DecisionTreeClassifier(class_weight=None, criterion='gini', max_depth=None,
            max_features=None, max_leaf_nodes=None, min_samples_leaf=1,
            min_samples_split=2, min_weight_fraction_leaf=0.0,
            presort=False, random_state=None, splitter='best')

In [9]:
y_pred = clf.predict(X)
print("{0} / {1} correct".format(np.sum(y == y_pred), len(y)))

1797 / 1797 correct


It seems we have a perfect classifier!

**Question: what's wrong with this?**

We made the mistake of testing our data on the same set of data that was used for training. This is not generally a good idea. If we optimize our estimator this way, we will tend to over-fit the data: that is, we learn the noise.
A better way to test a model is to use a hold-out set which doesn't enter the training. We've seen this before using scikit-learn's train/test split utility:

In [37]:
from sklearn.cross_validation import train_test_split
X_train, X_test, y_train, y_test = train_test_split(X, y, train_size=0.66)
X_train.shape, X_test.shape

((1186, 64), (611, 64))

In [47]:
# clf = DecisionTreeClassifier()
clf = KNeighborsClassifier(n_neighbors=1)
clf.fit(X_train,y_train)
y_pred = clf.predict(X_test)
print("{0} / {1} correct".format(np.sum(y_test == y_pred), len(y_test)))

602 / 611 correct


The metric we're using here, comparing the number of matches to the total number of samples, is known as the accuracy score

In [48]:
from sklearn.metrics import accuracy_score
accuracy_score(y_test, y_pred)

0.98527004909983629

In [49]:
# alternatively directly within the model
clf.score(X_test, y_test)

0.98527004909983629

In [50]:
for n_neighbors in [1, 5, 10, 20, 30]:
    knn = KNeighborsClassifier(n_neighbors)
    knn.fit(X_train, y_train)
    print(n_neighbors, knn.score(X_test, y_test))

1 0.9852700491
5 0.981996726678
10 0.975450081833
20 0.959083469722
30 0.952536824877


In [32]:
for depth in [None, 2, 3, 5, 8, 10, 20]:
    clf = DecisionTreeClassifier(max_depth=depth)
    clf.fit(X_train, y_train)
    print(depth, tree.score(X_test, y_test))

None 0.846153846154
2 0.281505728314
3 0.427168576105
5 0.73977086743
8 0.847790507365
10 0.834697217676
20 0.849427168576


### Cross-Validation

One problem with validation sets is that you "lose" some of the data. Above, we've only used 3/4 of the data for the training, and used 1/4 for the validation. Another option is to use 2-fold cross-validation, where we split the sample in half and perform the validation twice:

In [51]:
X1, X2, y1, y2 = train_test_split(X, y, test_size=0.5, random_state=0)
X1.shape, X2.shape

((898, 64), (899, 64))

In [57]:
score1 = KNeighborsClassifier(1).fit(X2, y2).score(X1, y1)
score2 = KNeighborsClassifier(1).fit(X1, y1).score(X2, y2)
print(score1)
print(score2)
print((score1+score2)/2)

0.983296213808
0.982202447164
0.982749330486


In [60]:
from sklearn.cross_validation import cross_val_score
cv = cross_val_score(clf, X, y, cv=2)
cv.mean()

0.96048785080069765

In [61]:
cross_val_score(KNeighborsClassifier(1), X, y, cv=5)

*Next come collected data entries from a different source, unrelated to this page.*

(* Weak reachability: u is weakly r-reachable from v w.r.t. the linear order given by
   the injective ranking f, if some walk of length \<le> r (at most r edges) from v to u
   has u as its f-minimum. *)
definition wreach :: "nat \<Rightarrow> 'a set \<Rightarrow> ('a \<Rightarrow> 'a \<Rightarrow> bool) \<Rightarrow> ('a \<Rightarrow> nat) \<Rightarrow> 'a \<Rightarrow> 'a set" where
  "wreach r V E f v = {u \<in> V. \<exists>p. p \<noteq> [] \<and> hd p = v \<and> last p = u \<and> length p \<le> r + 1
      \<and> set p \<subseteq> V \<and> (\<forall>i. i + 1 < length p \<longrightarrow> E (p ! i) (p ! (i + 1)))
      \<and> (\<forall>x\<in>set p. f u \<le> f x)}"

definition wcol :: "nat \<Rightarrow> 'a set \<Rightarrow> ('a \<Rightarrow> 'a \<Rightarrow> bool) \<Rightarrow> nat" where
  "wcol r V E = (LEAST k. \<exists>f :: 'a \<Rightarrow> nat. inj_on f V \<and> (\<forall>v\<in>V. card (wreach r V E f v) \<le> k))"

definition gaifman_edge :: "'a \<Rightarrow> ('a \<Rightarrow> 'a) \<Rightarrow> ('a \<times> 'a) set \<Rightarrow> 'a \<Rightarrow> 'a \<Rightarrow> bool" where
  "gaifman_edge r par D x y \<longleftrightarrow> (x \<noteq> r \<and> y = par x) \<or> (y \<noteq> r \<and> x = par y)
      \<or> (x, y) \<in> D \<or> (y, x) \<in> D"

end

theory Submission
  imports Defs
begin

(* Fix a ranking f of V(T) realising wcol_{4 rho} of the Gaifman graph, and let S(w) be the
   smaller of IN(w,B) and OUT(w,B). Without coat hangers, and by upward closure, the connection
   point w of an arc (u,v) is v or the parent of v, so every arc becomes a Gaifman walk u, w, v
   with u or v in S(w). Rank each leaf x by the lowest f-rank of its "hubs": x itself and the
   nodes w with x in S(w). A walk of at most rho arcs whose minimum is its end u then expands
   into a Gaifman walk of length at most 2 rho + 1 that ends in the lowest hub w of u and has w
   as its f-minimum. So u is w or lies in S(w) for some w weakly 4 rho-reachable in the Gaifman
   graph, whence wcol_rho(G(B)) <= wcol_{4 rho}(B) (n^{1/(4 rho)} + 1) <= n^{1/rho}. *)

lemma funpow_par_in_tree: "rooted_tree V r par \<Longrightarrow> v \<in> V \<Longrightarrow> (par ^^ k) v \<in> V"
  by (induction k) (auto simp: rooted_tree_def)

lemma funpow_par_root: "rooted_tree V r par \<Longrightarrow> (par ^^ k) r = r"
  by (induction k) (auto simp: rooted_tree_def)

lemma anc_in_tree: "rooted_tree V r par \<Longrightarrow> anc V par w v \<Longrightarrow> w \<in> V"
  by (auto simp: anc_def funpow_par_in_tree)

lemma rooted_tree_cycle_root:
  assumes T: "rooted_tree V r par" and x: "x \<in> V" and cycle: "(par ^^ n) x = x" and "n > 0"
  shows "x = r"
proof -
  obtain t where t: "(par ^^ t) x = r" using T x by (auto simp: rooted_tree_def)
  have "((par ^^ n) ^^ t) x = x" using cycle by (induction t) auto
  then have "(par ^^ (n * t - t)) ((par ^^ t) x) = x"
    using \<open>n > 0\<close> by (simp add: funpow_mult flip: funpow_add[unfolded comp_def, THEN fun_cong])
  then show ?thesis using t funpow_par_root[OF T] by simp
qed

lemma anc_antisym:
  assumes T: "rooted_tree V r par" and "anc V par a b" and "anc V par b a"
  shows "a = b"
proof -
  obtain i j where i: "(par ^^ i) b = a" and j: "(par ^^ j) a = b" and "b \<in> V"
    using assms by (auto simp: anc_def)
  show ?thesis
  proof (cases "i = 0")
    case False
    have "(par ^^ (j + i)) b = b" using i j by (simp add: funpow_add)
    then have "b = r" using rooted_tree_cycle_root[OF T \<open>b \<in> V\<close>] False by simp
    then show ?thesis using i funpow_par_root[OF T] by simp
  qed (use i in simp)
qed

lemma conn_point_spec:
  assumes QB: "quasi_bush V r par D" and u: "u \<in> leaves V par" and v: "v \<in> V"
  defines "w \<equiv> conn_point V par D u v"
  shows "anc V par w v" and "(u, w) \<in> D"
    and "\<And>w'. anc V par w' v \<Longrightarrow> (u, w') \<in> D \<Longrightarrow> anc V par w' w"
proof -
  have T: "rooted_tree V r par" and ur: "(u, r) \<in> D" using QB u by (auto simp: quasi_bush_def)
  obtain t where "(par ^^ t) v = r" using T v by (auto simp: rooted_tree_def)
  define k where "k = (LEAST k. (u, (par ^^ k) v) \<in> D)"
  define w0 where "w0 = (par ^^ k) v"
  have w0D: "(u, w0) \<in> D"
    unfolding w0_def k_def by (rule LeastI[of _ t]) (use \<open>(par ^^ t) v = r\<close> ur in simp)
  have w0V: "w0 \<in> V" unfolding w0_def using funpow_par_in_tree[OF T v] .
  let ?lowest = "\<lambda>w. anc V par w v \<and> (u, w) \<in> D \<and> (\<forall>w'. anc V par w' v \<and> (u, w') \<in> D \<longrightarrow> anc V par w' w)"
  have "?lowest w0"
  proof (intro conjI allI impI)
    show "anc V par w0 v" using v by (auto simp: anc_def w0_def)
    fix w' assume "anc V par w' v \<and> (u, w') \<in> D"
    then obtain j where j: "(par ^^ j) v = w'" "(u, w') \<in> D" by (auto simp: anc_def)
    then have "k \<le> j" unfolding k_def by (auto intro: Least_le)
    then have "(par ^^ (j - k)) w0 = w'"
      using j unfolding w0_def by (metis comp_apply funpow_add le_add_diff_inverse2)
    then show "anc V par w' w0" using w0V by (auto simp: anc_def)
  qed (fact w0D)
  moreover have "w = w0"
    unfolding w_def conn_point_def
    by (rule the_equality) (use \<open>?lowest w0\<close> anc_antisym[OF T] in blast)+
  ultimately show "anc V par w v" "(u, w) \<in> D"
    "\<And>w'. anc V par w' v \<Longrightarrow> (u, w') \<in> D \<Longrightarrow> anc V par w' w" by blast+
qed

text \<open>A connection point two or more levels above the head v would make its child a on the
  path to v a coat hanger, unless the tail points into the subtree of a; by upward closure it then
  points to a itself, so a, not its parent, is the connection point.\<close>

lemma conn_point_of_arc:
  assumes QB: "quasi_bush V r par D" and UC: "upwards_closed V par D"
    and NC: "\<not> (\<exists>a. coat_hanger V r par D lam a)" and uv: "arc V par D lam u v"
  shows "conn_point V par D u v = v \<or> (v \<noteq> r \<and> conn_point V par D u v = par v)"
proof -
  define w where "w = conn_point V par D u v"
  have T: "rooted_tree V r par" using QB by (simp add: quasi_bush_def)
  have u: "u \<in> leaves V par" and v: "v \<in> V" and lam: "lam (u, w)"
    using uv by (auto simp: arc_def w_def leaves_def is_leaf_def)
  note cp = conn_point_spec[OF QB u v, folded w_def]
  obtain k0 where "(par ^^ k0) v = w" using cp(1) by (auto simp: anc_def)
  define k where "k = (LEAST k. (par ^^ k) v = w)"
  have k: "(par ^^ k) v = w" unfolding k_def by (rule LeastI) fact
  have k_min: "\<And>j. (par ^^ j) v = w \<Longrightarrow> k \<le> j" unfolding k_def by (rule Least_le)
  consider "k = 0" | "k = 1" | m where "k = Suc (Suc m)"
    by (metis One_nat_def not0_implies_Suc)
  then show ?thesis
  proof cases
    case 1
    then show ?thesis using k w_def by simp
  next
    case 2
    have "v \<noteq> r"
    proof
      assume "v = r"
      then have "(par ^^ 0) v = w" using k 2 T by (simp add: rooted_tree_def)
      then show False using k_min 2 by fastforce
    qed
    then show ?thesis using k 2 w_def by simp
  next
    case (3 m)
    define a where "a = (par ^^ Suc m) v"
    define c where "c = (par ^^ m) v"
    have a_w: "par a = w" and c_a: "par c = a" using k 3 by (simp_all add: a_def c_def)
    have "a \<noteq> w" using k_min[of "Suc m"] 3 by (auto simp: a_def)
    have a: "a \<in> V" "a \<noteq> r" "\<not> is_leaf V par a"
    proof -
      show "a \<in> V" unfolding a_def using funpow_par_in_tree[OF T v] .
      show "a \<noteq> r" using T a_w \<open>a \<noteq> w\<close> by (auto simp: rooted_tree_def)
      have "c \<in> V" "c \<noteq> a" using funpow_par_in_tree[OF T v] a_w c_a \<open>a \<noteq> w\<close> by (auto simp: c_def)
      then show "\<not> is_leaf V par a" using c_a by (auto simp: is_leaf_def)
    qed
    have "is_leaf V par u" using u by (simp add: leaves_def)
    then obtain x where "anc V par a x" "(u, x) \<in> D"
      using NC a cp(2) lam a_w by (auto simp: coat_hanger_def)
    then have "(u, a) \<in> D" using UC by (auto simp: upwards_closed_def)
    moreover have "anc V par a v" using v unfolding anc_def a_def by (intro conjI exI[of _ "Suc m"]) simp_all
    ultimately have "anc V par a w" using cp(3) by blast
    moreover have "anc V par w a" using a_w \<open>a \<in> V\<close> by (auto simp: anc_def intro: exI[of _ 1])
    ultimately show ?thesis using anc_antisym[OF T] \<open>a \<noteq> w\<close> by blast
  qed
qed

array([ 0.96153846,  0.95303867,  0.96657382,  0.98879552,  0.95492958])

## Bias-Variance Trade-off, Overfitting, Underfitting and Model Selection

Selecting the optimal model for your data is what makes the difference between a good and a bad data scientist.

If our estimator is underperforming, how should we move forward?

- Use simpler or more complicated model?
- Add more features to each observed data point?
- Add more training samples?

Sometimes using a more complicated model will give worse results because we fit the noise.